Am Fr., 23. Juli 2021 um 13:56 Uhr schrieb Lassi Kortela <xxxxxx@lassi.io>:
Related note: it's becoming increasingly clear that we keep running into
problems with hierarchies. The exception hierarchy (R6RS vs others) is
the most obvious example. Much of the discussion around the withdrawn
SRFI 198 was around how (if at all) to do hierarchies, and if there are
two hierarchies, how to decide which one is authoritative.

We can solve all problems like this if standard Scheme is silent on all
matters of hierarchy. Instead, we could simply talk about set
membership. Any proposal that needs to classify objects, simply provides
predicate procedures for the sets it cares about.

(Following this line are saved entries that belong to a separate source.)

(* Let $T$ be a string of length $n$ and $1<i\le j\le n$. For any interval $[s,t]$ with $i\le s\le t\le j$, we have $[s,t]\notin\mathsf{MUS}(T[i-1..j])$ and $[s,t]\in\mathsf{MUS}(T[i..j])$ if and only if $T[s..t]=\mathit{sqp}_{i-1,j}$ (as strings) and $\#\mathit{occ}_{T[i-1..j]}(\mathit{sqp}_{i-1,j})=2$.
   Context: $T[a..b]$ denotes the substring of $T$ from position $a$ to $b$. For strings $S,w$, $\#\mathit{occ}_S(w)$ is the number of positions at which $w$ occurs in $S$, with $\#\mathit{occ}_S(\varepsilon)=|S|+1$. A substring $w$ of $S$ is unique in $S$ if $\#\mathit{occ}_S(w)=1$ and repeating if $\#\mathit{occ}_S(w)\ge 2$. For $1\le i\le j\le n$, $\mathsf{MUS}(T[i..j])$ is the set of intervals $[s,t]$ (positions in $T$) with $i\le s\le t\le j$ such that $T[s..t]$ is unique in $T[i..j]$ and every proper substring of $T[s..t]$ (including the empty string) is repeating in $T[i..j]$. $\mathit{sqp}_{i,j}$ is the shortest (non-empty) prefix of $T[i..j]$ that occurs at most twice in $T[i..j]$. *)

theory Defs
  imports Main
begin

text \<open>Strings are lists; positions are 1-based. substr T a b is T[a..b].\<close>
definition substr :: "'a list \<Rightarrow> nat \<Rightarrow> nat \<Rightarrow> 'a list" where
  "substr T a b = take (Suc b - a) (drop (a - 1) T)"

text \<open>Number of (0-based) positions at which w occurs in S; occ S [] = length S + 1.\<close>
definition occ :: "'a list \<Rightarrow> 'a list \<Rightarrow> nat" where
  "occ S w = card {k. k + length w \<le> length S \<and> take (length w) (drop k S) = w}"

definition unique_in :: "'a list \<Rightarrow> 'a list \<Rightarrow> bool" where
  "unique_in S w \<longleftrightarrow> occ S w = 1"

definition repeating_in :: "'a list \<Rightarrow> 'a list \<Rightarrow> bool" where
  "repeating_in S w \<longleftrightarrow> occ S w \<ge> 2"

definition proper_substrings :: "'a list \<Rightarrow> 'a list set" where
  "proper_substrings u = {take l (drop k u) | k l. k + l \<le> length u \<and> l < length u}"

text \<open>MUS(T[i..j]) as a set of intervals [s,t] of positions in T.\<close>
definition MUS :: "'a list \<Rightarrow> nat \<Rightarrow> nat \<Rightarrow> (nat \<times> nat) set" where
  "MUS T i j = {(s, t). i \<le> s \<and> s \<le> t \<and> t \<le> j
      \<and> unique_in (substr T i j) (substr T s t)
      \<and> (\<forall>w \<in> proper_substrings (substr T s t). repeating_in (substr T i j) w)}"

definition sqp :: "'a list \<Rightarrow> nat \<Rightarrow> nat \<Rightarrow> 'a list" where
  "sqp T i j = (let S = substr T i j in
     take (LEAST l. 1 \<le> l \<and> l \<le> length S \<and> occ S (take l S) \<le> 2) S)"

end

theory Submission
  imports Defs
begin

text \<open>Prepending a character c to S' raises the number of occurrences of a word by one if the
  word is a prefix of c # S', and leaves it unchanged otherwise. Hence a MUS u of S' stops being
  a MUS of c # S' exactly when u becomes a prefix of c # S' occurring twice: its proper prefixes,
  which repeat in S', then occur at least three times in c # S', so u is the shortest prefix
  occurring at most twice. Conversely, for u = sqp with two occurrences, the second occurrence
  of u lies inside S' and, together with the one at the front, shows that every substring of u
  that is not a prefix still repeats in S'.\<close>

definition occurs_at :: "'a list \<Rightarrow> 'a list \<Rightarrow> nat \<Rightarrow> bool" where
  "occurs_at S w k \<longleftrightarrow> k + length w \<le> length S \<and> take (length w) (drop k S) = w"

lemma occ_eq_card_occurs_at: "occ S w = card {k. occurs_at S w k}"
  by (simp add: occ_def occurs_at_def)

lemma finite_occurs_at: "finite {k. occurs_at S w k}"
  by (rule finite_subset[of _ "{..length S}"]) (auto simp: occurs_at_def)

lemma occurs_at_0_iff: "occurs_at S w 0 \<longleftrightarrow> take (length w) S = w"
  by (auto simp: occurs_at_def dest: arg_cong[where f = length])

lemma occurs_at_Cons_Suc [simp]: "occurs_at (c # S) w (Suc k) \<longleftrightarrow> occurs_at S w k"
  by (simp add: occurs_at_def)

lemma occurs_at_trans:
  assumes "occurs_at u w k" "occurs_at S u p"
  shows "occurs_at S w (p + k)"
proof -
  have "take (length w) (drop (p + k) S) = take (length w) (drop k (take (length u) (drop p S)))"
    using assms(1) by (auto simp: occurs_at_def drop_take add.commute min_def)
  also have "\<dots> = w"
    using assms by (simp add: occurs_at_def)
  finally show ?thesis
    using assms by (simp add: occurs_at_def)
qed

lemma occ_Nil: "occ S [] = Suc (length S)"
  by (simp add: occ_def atMost_def[symmetric])

lemma occ_Cons: "occ (c # S) w = occ S w + (if take (length w) (c # S) = w then 1 else 0)"
proof -
  have "{k. occurs_at (c # S) w k} =
      (if take (length w) (c # S) = w then {0} else {}) \<union> Suc ` {k. occurs_at S w k}"
  proof (rule set_eqI)
    fix k
    show "k \<in> {k. occurs_at (c # S) w k} \<longleftrightarrow>
        k \<in> (if take (length w) (c # S) = w then {0} else {}) \<union> Suc ` {k. occurs_at S w k}"
      by (cases k) (auto simp: occurs_at_0_iff[symmetric])
  qed
  moreover have "0 \<notin> Suc ` {k. occurs_at S w k}"
    by auto
  ultimately show ?thesis
    by (simp add: occ_eq_card_occurs_at card_image finite_occurs_at)
qed

lemma length_le_if_occ_pos: "0 < occ S w \<Longrightarrow> length w \<le> length S"
  by (auto simp: occ_eq_card_occurs_at card_gt_0_iff occurs_at_def)

lemma two_le_occI:
  assumes "occurs_at S w a" "occurs_at S w b" "a \<noteq> b"
  shows "2 \<le> occ S w"
proof -
  have "{a, b} \<subseteq> {k. occurs_at S w k}"
    using assms by auto
  then have "card {a, b} \<le> occ S w"
    by (simp add: occ_eq_card_occurs_at card_mono finite_occurs_at)
  then show ?thesis
    using assms(3) by simp
qed

lemma occurs_at_other:
  assumes "occ S w = 2"
  obtains q where "occurs_at S w q" "q \<noteq> k"
proof -
  have "card ({q. occurs_at S w q} - {k}) \<noteq> 0"
    using assms card_Diff_singleton_if[of "{q. occurs_at S w q}" k]
    by (simp add: occ_eq_card_occurs_at finite_occurs_at)
  then obtain q where "q \<in> {q. occurs_at S w q} - {k}"
    by (metis card.empty ex_in_conv)
  then show ?thesis
    using that by blast
qed

lemma proper_substrings_iff:
  "w \<in> proper_substrings u \<longleftrightarrow> length w < length u \<and> (\<exists>k. occurs_at u w k)"
  by (auto simp: proper_substrings_def occurs_at_def) metis

lemma substr_eq_Cons:
  assumes "0 < a" "a \<le> j" "a \<le> length T"
  shows "substr T a j = T ! (a - 1) # substr T (Suc a) j"
proof -
  have "drop (a - 1) T = T ! (a - 1) # drop a T"
    using assms Cons_nth_drop_Suc[of "a - 1" T] by simp
  moreover have "Suc j - a = Suc (j - a)"
    using assms(2) by simp
  ultimately show ?thesis
    by (simp add: substr_def)
qed

definition minimal_unique_in :: "'a list \<Rightarrow> 'a list \<Rightarrow> bool" where
  "minimal_unique_in S u \<longleftrightarrow> unique_in S u \<and> (\<forall>w \<in> proper_substrings u. repeating_in S w)"

lemma MUS_iff_minimal_unique_in:
  assumes "i \<le> s" "s \<le> t" "t \<le> j"
  shows "(s, t) \<in> MUS T i j \<longleftrightarrow> minimal_unique_in (substr T i j) (substr T s t)"
  using assms by (auto simp: MUS_def minimal_unique_in_def)

definition shortest_quasi_unique_prefix :: "'a list \<Rightarrow> 'a list" where
  "shortest_quasi_unique_prefix S =
     take (LEAST l. 1 \<le> l \<and> l \<le> length S \<and> occ S (take l S) \<le> 2) S"

lemma sqp_eq_shortest_quasi_unique_prefix:
  "sqp T i j = shortest_quasi_unique_prefix (substr T i j)"
  by (simp add: sqp_def shortest_quasi_unique_prefix_def Let_def)

lemma shortest_quasi_unique_prefix_eqI:
  assumes "u \<noteq> []" "take (length u) S = u" "occ S u \<le> 2"
    and "\<And>l. 1 \<le> l \<Longrightarrow> l < length u \<Longrightarrow> 2 < occ S (take l S)"
  shows "shortest_quasi_unique_prefix S = u"
proof -
  let ?P = "\<lambda>l. 1 \<le> l \<and> l \<le> length S \<and> occ S (take l S) \<le> 2"
  have "(LEAST l. ?P l) = length u"
  proof (rule Least_equality)
    show "?P (length u)"
      using assms(1-3) by (auto simp: Suc_le_eq dest: arg_cong[where f = length])
    show "length u \<le> l" if "?P l" for l
      using that assms(4)[of l] by (meson not_le)
  qed
  then show ?thesis
    using assms(2) by (simp add: shortest_quasi_unique_prefix_def)
qed

lemma shortest_quasi_unique_prefix_minimal:
  assumes "shortest_quasi_unique_prefix S = u" "u \<noteq> []" "occ S u \<le> 2"
    and "1 \<le> l" "l < length u"
  shows "2 < occ S (take l S)"
proof -
  let ?P = "\<lambda>l. 1 \<le> l \<and> l \<le> length S \<and> occ S (take l S) \<le> 2"
  have u: "u = take (LEAST l. ?P l) S"
    using assms(1) by (simp add: shortest_quasi_unique_prefix_def)
  then have "?P (length u)"
    using assms(2,3) by (auto simp: Suc_le_eq min_def)
  then have "?P (LEAST l. ?P l)"
    by (rule LeastI)
  then have "length u = (LEAST l. ?P l)"
    using u by simp
  moreover have "l \<le> length S"
    using u assms(5) by simp
  ultimately show ?thesis
    using assms(4,5) not_less_Least[of l ?P] by simp
qed

lemma minimal_unique_in_lost_by_Cons:
  assumes "u \<noteq> []" "minimal_unique_in S u" "\<not> minimal_unique_in (c # S) u"
  shows "u = shortest_quasi_unique_prefix (c # S) \<and> occ (c # S) u = 2"
proof -
  have "repeating_in (c # S) w" if "w \<in> proper_substrings u" for w
    using assms(2) that occ_Cons[of c S w] by (auto simp: minimal_unique_in_def repeating_in_def)
  then have "\<not> unique_in (c # S) u"
    using assms(3) by (auto simp: minimal_unique_in_def)
  moreover have "occ S u = 1"
    using assms(2) by (simp add: minimal_unique_in_def unique_in_def)
  ultimately have prefix: "take (length u) (c # S) = u" and twice: "occ (c # S) u = 2"
    using occ_Cons[of c S u] by (auto simp: unique_in_def split: if_splits)
  have "2 < occ (c # S) (take l (c # S))" if "1 \<le> l" "l < length u" for l
  proof -
    have "take l (c # S) = take l u"
      using prefix that by (metis min.strict_order_iff take_take)
    moreover have "occurs_at u (take l u) 0"
      using that by (simp add: occurs_at_def min_def)
    then have "take l u \<in> proper_substrings u"
      using that by (auto simp: proper_substrings_iff)
    ultimately have "2 \<le> occ S (take l (c # S))"
      using assms(2) by (simp add: minimal_unique_in_def repeating_in_def)
    then show ?thesis
      using occ_Cons[of c S "take l (c # S)"] by (simp add: min_def)
  qed
  then show ?thesis
    using shortest_quasi_unique_prefix_eqI[OF assms(1) prefix] twice by simp
qed

lemma minimal_unique_in_if_shortest_quasi_unique_prefix_Cons:
  assumes "u \<noteq> []" "shortest_quasi_unique_prefix (c # S) = u" "occ (c # S) u = 2"
  shows "minimal_unique_in S u"
proof -
  have prefix: "take (length u) (c # S) = u"
    using assms(2) by (auto simp: shortest_quasi_unique_prefix_def min_def)
  then have once: "occ S u = 1"
    using occ_Cons[of c S u] assms(3) by simp
  then have "0 < length S"
    using length_le_if_occ_pos[of S u] assms(1) by auto
  obtain q where q: "occurs_at (c # S) u q" "q \<noteq> 0"
    using occurs_at_other[OF assms(3)] by blast
  have "repeating_in S w" if "w \<in> proper_substrings u" for w
  proof -
    from that obtain k where k: "occurs_at u w k" "length w < length u"
      by (auto simp: proper_substrings_iff)
    consider (empty) "w = []" | (proper_prefix) "w \<noteq> []" "k = 0" | (inner) "0 < k"
      by blast
    then show ?thesis
    proof cases
      case empty
      then show ?thesis
        using \<open>0 < length S\<close> by (simp add: repeating_in_def occ_Nil Suc_le_eq)
    next
      case proper_prefix
      have w: "take (length w) (c # S) = w"
        using occurs_at_trans[OF k(1), of "c # S" 0] prefix proper_prefix
        by (simp add: occurs_at_0_iff)
      have "2 < occ (c # S) w"
        using shortest_quasi_unique_prefix_minimal[OF assms(2,1), of "length w"]
          assms(3) k(2) proper_prefix w by (simp add: Suc_le_eq)
      then show ?thesis
        using occ_Cons[of c S w] w by (simp add: repeating_in_def)
    next
      case inner
      then obtain k' where k': "k = Suc k'"
        using not0_implies_Suc by blast
      have "occurs_at (c # S) w (Suc k')" "occurs_at (c # S) w (Suc (q + k'))"
        using occurs_at_trans[OF k(1), of "c # S" 0] prefix occurs_at_trans[OF k(1) q(1)] k'
        by (simp_all add: occurs_at_0_iff)
      then have "2 \<le> occ S w"
        using two_le_occI[of S w k' "q + k'"] q(2) by simp
      then show ?thesis
        by (simp add: repeating_in_def)
    qed
  qed
  then show ?thesis
    using once by (simp add: minimal_unique_in_def unique_in_def)
qed

lemma minimal_unique_in_lost_by_Cons_iff:
  assumes "u \<noteq> []"
  shows "(\<not> minimal_unique_in (c # S) u \<and> minimal_unique_in S u) \<longleftrightarrow>
         (u = shortest_quasi_unique_prefix (c # S) \<and>
          occ (c # S) (shortest_quasi_unique_prefix (c # S)) = 2)"
    (is "_ \<longleftrightarrow> ?sqp")
proof
  assume "\<not> minimal_unique_in (c # S) u \<and> minimal_unique_in S u"
  then show ?sqp
    using minimal_unique_in_lost_by_Cons[OF assms] by auto
next
  assume ?sqp
  then have sqp: "shortest_quasi_unique_prefix (c # S) = u" and twice: "occ (c # S) u = 2"
    by auto
  have "\<not> minimal_unique_in (c # S) u"
    using twice by (simp add: minimal_unique_in_def unique_in_def)
  moreover have "minimal_unique_in S u"
    by (rule minimal_unique_in_if_shortest_quasi_unique_prefix_Cons[OF assms sqp twice])
  ultimately show "\<not> minimal_unique_in (c # S) u \<and> minimal_unique_in S u" ..
qed

theorem lemma17:
  fixes T :: "'a list" and i j s t :: nat
  assumes "1 < i" "i \<le> j" "j \<le> length T"
    and "i \<le> s" "s \<le> t" "t \<le> j"
  shows "((s, t) \<notin> MUS T (i - 1) j \<and> (s, t) \<in> MUS T i j) \<longleftrightarrow>
         (substr T s t = sqp T (i - 1) j \<and> occ (substr T (i - 1) j) (sqp T (i - 1) j) = 2)"
proof -
  have "substr T (i - 1) j = T ! (i - 2) # substr T i j"
    using substr_eq_Cons[of "i - 1" j T] assms(1-3) by (simp add: Suc_diff_Suc numeral_2_eq_2)
  moreover have "substr T s t \<noteq> []"
    using assms by (simp add: substr_def)
  moreover have "i - 1 \<le> s"
    using assms(4) by simp
  ultimately show ?thesis
    using minimal_unique_in_lost_by_Cons_iff
    by (simp add: MUS_iff_minimal_unique_in assms(4-6) sqp_eq_shortest_quasi_unique_prefix)
qed

end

This means that something like `file-error?` in proposal A can be
different from `file-error?` in proposal B. If these predicates are
imported from libraries, each Scheme program can import the predicates
it wants and ignore others.

I don't understand this. You cite the R6RS condition hierarchy, which is actually quite simple. This is defined through a number of libraries, which export things like `assertion-violation?' or `i/o-encoding-error?' so this is exactly what you propose. Any other library providing I/O could export its own `i/o-encoding-error?' that is not related to R6RS's.

(I have been silent on the issue of whether it would actually be a good idea.)